[[ The input open ]]

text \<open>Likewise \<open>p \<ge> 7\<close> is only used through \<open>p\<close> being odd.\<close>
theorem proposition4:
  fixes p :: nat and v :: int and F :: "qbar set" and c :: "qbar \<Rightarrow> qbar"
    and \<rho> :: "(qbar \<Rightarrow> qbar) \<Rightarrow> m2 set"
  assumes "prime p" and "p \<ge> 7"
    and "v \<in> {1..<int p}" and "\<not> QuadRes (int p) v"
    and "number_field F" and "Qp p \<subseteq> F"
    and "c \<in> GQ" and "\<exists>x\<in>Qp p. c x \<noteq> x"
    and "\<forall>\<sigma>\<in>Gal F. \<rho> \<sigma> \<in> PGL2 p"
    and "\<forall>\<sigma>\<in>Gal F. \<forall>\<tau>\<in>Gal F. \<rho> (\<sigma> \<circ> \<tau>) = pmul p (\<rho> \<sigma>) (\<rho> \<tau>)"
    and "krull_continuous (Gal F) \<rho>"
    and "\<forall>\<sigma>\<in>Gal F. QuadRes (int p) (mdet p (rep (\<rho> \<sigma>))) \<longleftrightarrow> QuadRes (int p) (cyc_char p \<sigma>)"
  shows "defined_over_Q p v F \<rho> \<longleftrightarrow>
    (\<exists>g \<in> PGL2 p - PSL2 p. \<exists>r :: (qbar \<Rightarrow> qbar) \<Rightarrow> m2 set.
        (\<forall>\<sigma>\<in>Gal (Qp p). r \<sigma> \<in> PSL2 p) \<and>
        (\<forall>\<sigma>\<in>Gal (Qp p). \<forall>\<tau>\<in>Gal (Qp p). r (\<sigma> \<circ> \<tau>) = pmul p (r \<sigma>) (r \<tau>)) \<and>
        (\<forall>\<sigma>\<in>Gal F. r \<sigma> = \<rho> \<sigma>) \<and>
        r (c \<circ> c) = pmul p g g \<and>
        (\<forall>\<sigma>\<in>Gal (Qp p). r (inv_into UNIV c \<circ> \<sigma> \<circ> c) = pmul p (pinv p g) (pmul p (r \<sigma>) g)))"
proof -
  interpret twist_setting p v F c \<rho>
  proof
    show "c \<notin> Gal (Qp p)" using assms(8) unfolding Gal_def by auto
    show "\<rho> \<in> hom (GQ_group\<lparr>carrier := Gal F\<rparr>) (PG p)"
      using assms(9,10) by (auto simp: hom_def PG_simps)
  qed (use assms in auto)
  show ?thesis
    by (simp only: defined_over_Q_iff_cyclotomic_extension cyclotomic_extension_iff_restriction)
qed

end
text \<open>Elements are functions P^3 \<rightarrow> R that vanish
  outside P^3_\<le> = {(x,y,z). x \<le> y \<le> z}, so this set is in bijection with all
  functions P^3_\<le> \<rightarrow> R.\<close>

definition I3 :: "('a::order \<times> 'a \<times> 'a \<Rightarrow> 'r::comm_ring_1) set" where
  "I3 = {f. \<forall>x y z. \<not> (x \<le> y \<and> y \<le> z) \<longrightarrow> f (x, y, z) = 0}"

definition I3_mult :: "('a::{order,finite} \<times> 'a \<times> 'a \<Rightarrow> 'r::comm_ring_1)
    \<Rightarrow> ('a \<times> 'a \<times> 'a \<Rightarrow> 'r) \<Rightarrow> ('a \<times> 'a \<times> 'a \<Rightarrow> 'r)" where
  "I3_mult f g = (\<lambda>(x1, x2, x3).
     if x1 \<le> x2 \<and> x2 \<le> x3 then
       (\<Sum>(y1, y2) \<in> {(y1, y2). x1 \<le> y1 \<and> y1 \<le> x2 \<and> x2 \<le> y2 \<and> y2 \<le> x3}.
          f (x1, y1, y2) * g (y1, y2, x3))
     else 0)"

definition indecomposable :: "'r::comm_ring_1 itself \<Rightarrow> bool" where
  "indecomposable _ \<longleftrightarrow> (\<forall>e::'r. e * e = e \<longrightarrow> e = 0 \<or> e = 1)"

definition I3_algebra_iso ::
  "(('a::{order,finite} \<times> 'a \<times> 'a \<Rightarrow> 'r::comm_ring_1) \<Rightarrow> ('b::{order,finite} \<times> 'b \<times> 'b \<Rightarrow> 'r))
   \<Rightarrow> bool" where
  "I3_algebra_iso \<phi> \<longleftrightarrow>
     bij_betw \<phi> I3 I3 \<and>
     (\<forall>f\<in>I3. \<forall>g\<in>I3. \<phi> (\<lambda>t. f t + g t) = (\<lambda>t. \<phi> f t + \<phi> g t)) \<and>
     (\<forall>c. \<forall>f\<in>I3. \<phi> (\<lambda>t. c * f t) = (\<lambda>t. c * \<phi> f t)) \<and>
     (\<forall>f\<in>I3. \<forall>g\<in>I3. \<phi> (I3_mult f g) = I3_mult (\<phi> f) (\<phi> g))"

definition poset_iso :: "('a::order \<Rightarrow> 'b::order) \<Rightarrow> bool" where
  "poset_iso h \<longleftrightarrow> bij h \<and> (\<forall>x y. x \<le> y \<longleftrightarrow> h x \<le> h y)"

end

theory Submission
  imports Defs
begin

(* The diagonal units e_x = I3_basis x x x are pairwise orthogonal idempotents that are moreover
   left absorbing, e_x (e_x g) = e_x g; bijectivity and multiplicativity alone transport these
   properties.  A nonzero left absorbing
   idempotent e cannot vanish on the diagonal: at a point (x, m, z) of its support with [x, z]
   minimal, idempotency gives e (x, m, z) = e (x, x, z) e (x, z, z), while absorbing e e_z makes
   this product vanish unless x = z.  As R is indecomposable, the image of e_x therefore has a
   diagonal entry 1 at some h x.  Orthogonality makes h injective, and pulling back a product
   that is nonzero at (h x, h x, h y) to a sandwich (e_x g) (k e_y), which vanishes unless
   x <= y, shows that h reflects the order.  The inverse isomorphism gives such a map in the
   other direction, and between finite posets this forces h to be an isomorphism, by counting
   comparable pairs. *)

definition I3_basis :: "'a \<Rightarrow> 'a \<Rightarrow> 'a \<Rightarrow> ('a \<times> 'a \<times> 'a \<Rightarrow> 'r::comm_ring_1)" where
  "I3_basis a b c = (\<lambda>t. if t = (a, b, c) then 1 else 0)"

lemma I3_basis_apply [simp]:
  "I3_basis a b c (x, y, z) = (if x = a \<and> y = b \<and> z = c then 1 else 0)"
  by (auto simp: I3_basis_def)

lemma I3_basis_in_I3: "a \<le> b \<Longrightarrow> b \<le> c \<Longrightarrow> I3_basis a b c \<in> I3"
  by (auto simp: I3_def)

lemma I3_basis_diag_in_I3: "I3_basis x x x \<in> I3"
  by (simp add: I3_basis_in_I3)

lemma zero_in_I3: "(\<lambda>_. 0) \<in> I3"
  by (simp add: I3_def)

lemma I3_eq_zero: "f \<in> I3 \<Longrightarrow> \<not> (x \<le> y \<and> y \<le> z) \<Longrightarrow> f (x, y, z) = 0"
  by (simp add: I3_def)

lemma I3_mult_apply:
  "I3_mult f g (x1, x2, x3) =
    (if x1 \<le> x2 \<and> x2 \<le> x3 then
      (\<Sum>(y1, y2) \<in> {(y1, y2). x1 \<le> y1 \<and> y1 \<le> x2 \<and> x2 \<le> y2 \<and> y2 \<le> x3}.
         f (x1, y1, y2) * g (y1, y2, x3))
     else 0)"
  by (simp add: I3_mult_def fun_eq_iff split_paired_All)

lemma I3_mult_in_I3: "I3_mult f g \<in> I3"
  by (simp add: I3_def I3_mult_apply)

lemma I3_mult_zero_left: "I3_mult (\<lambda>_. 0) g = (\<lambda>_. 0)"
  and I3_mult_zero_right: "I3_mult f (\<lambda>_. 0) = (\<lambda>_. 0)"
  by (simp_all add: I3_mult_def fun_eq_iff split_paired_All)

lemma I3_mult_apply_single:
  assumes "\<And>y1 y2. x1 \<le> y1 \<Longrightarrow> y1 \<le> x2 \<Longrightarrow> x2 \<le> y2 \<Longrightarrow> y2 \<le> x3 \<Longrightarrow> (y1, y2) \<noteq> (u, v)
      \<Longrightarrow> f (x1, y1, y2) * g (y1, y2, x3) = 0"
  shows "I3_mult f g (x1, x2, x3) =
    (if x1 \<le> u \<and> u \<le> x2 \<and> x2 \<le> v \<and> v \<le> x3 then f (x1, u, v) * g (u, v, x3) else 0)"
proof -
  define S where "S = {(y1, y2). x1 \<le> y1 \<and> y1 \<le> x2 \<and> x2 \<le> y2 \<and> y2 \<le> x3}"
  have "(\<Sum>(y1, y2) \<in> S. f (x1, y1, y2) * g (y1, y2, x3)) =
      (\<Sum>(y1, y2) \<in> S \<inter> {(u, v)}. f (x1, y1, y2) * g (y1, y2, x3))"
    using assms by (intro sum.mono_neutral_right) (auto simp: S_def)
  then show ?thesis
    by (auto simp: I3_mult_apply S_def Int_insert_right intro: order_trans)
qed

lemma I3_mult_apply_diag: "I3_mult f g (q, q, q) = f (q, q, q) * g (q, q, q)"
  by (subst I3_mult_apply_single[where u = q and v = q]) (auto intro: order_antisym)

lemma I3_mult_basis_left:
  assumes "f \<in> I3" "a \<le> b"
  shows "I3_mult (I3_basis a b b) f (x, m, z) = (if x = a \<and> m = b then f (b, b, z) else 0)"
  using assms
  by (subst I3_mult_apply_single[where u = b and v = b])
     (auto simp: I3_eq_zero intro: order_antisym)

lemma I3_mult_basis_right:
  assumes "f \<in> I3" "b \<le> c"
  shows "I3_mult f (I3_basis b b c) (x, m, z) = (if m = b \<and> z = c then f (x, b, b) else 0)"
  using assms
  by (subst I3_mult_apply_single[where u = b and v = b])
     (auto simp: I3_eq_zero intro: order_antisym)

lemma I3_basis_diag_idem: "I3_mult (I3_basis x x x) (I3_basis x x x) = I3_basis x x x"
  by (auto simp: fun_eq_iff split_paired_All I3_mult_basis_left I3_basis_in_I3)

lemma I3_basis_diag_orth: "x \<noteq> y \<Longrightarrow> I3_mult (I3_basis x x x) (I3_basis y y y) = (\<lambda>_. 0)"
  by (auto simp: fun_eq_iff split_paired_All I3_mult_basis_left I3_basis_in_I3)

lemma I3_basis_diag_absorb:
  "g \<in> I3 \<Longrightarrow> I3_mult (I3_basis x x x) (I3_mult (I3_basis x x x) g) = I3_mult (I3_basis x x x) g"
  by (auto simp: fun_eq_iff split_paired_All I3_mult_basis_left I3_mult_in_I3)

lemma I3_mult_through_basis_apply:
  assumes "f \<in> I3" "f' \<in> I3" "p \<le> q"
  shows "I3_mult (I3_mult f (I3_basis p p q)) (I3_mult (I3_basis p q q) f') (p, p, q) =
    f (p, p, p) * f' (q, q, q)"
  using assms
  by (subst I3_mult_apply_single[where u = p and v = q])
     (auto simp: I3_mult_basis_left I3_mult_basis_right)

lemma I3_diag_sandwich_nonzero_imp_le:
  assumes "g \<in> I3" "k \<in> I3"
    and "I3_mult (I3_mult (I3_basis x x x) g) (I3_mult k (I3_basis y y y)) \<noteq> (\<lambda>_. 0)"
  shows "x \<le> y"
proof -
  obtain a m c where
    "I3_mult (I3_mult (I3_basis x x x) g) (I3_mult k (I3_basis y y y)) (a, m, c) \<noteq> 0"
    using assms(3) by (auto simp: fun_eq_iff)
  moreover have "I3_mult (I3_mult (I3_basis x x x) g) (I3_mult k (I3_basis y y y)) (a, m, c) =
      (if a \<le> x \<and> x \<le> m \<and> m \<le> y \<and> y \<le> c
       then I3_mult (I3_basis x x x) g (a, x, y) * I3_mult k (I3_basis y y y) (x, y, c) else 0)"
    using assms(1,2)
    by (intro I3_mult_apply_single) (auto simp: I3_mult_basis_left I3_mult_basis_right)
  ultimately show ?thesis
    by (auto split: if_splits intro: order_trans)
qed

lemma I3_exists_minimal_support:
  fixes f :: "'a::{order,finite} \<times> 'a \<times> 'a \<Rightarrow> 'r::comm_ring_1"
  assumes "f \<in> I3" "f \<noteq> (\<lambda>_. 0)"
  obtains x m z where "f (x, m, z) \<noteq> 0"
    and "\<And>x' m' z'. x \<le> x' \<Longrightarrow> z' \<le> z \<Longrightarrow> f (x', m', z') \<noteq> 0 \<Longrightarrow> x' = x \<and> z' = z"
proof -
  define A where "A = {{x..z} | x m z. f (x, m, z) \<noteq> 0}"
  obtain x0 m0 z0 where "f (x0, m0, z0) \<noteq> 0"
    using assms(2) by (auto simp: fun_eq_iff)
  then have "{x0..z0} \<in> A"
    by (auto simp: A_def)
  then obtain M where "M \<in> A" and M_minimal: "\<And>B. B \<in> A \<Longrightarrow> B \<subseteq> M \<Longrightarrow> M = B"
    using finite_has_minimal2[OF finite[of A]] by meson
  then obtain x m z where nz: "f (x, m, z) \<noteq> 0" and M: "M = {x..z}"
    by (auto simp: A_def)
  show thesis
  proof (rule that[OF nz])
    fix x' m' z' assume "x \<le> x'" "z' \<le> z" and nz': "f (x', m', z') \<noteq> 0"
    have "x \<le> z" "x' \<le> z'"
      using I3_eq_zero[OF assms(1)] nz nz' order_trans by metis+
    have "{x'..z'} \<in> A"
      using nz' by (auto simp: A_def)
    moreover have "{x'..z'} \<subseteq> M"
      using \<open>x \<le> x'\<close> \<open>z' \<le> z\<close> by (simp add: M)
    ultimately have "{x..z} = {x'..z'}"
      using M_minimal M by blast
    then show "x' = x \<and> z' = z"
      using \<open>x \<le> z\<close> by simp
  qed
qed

[[ The input closed ]]

Task brief:
Could you report all lines of the listing that hold "QuadRes"?

Answer space:
    and "v \<in> {1..<int p}" and "\<not> QuadRes (int p) v"
    and "\<forall>\<sigma>\<in>Gal F. QuadRes (int p) (mdet p (rep (\<rho> \<sigma>))) \<longleftrightarrow> QuadRes (int p) (cyc_char p \<sigma>)"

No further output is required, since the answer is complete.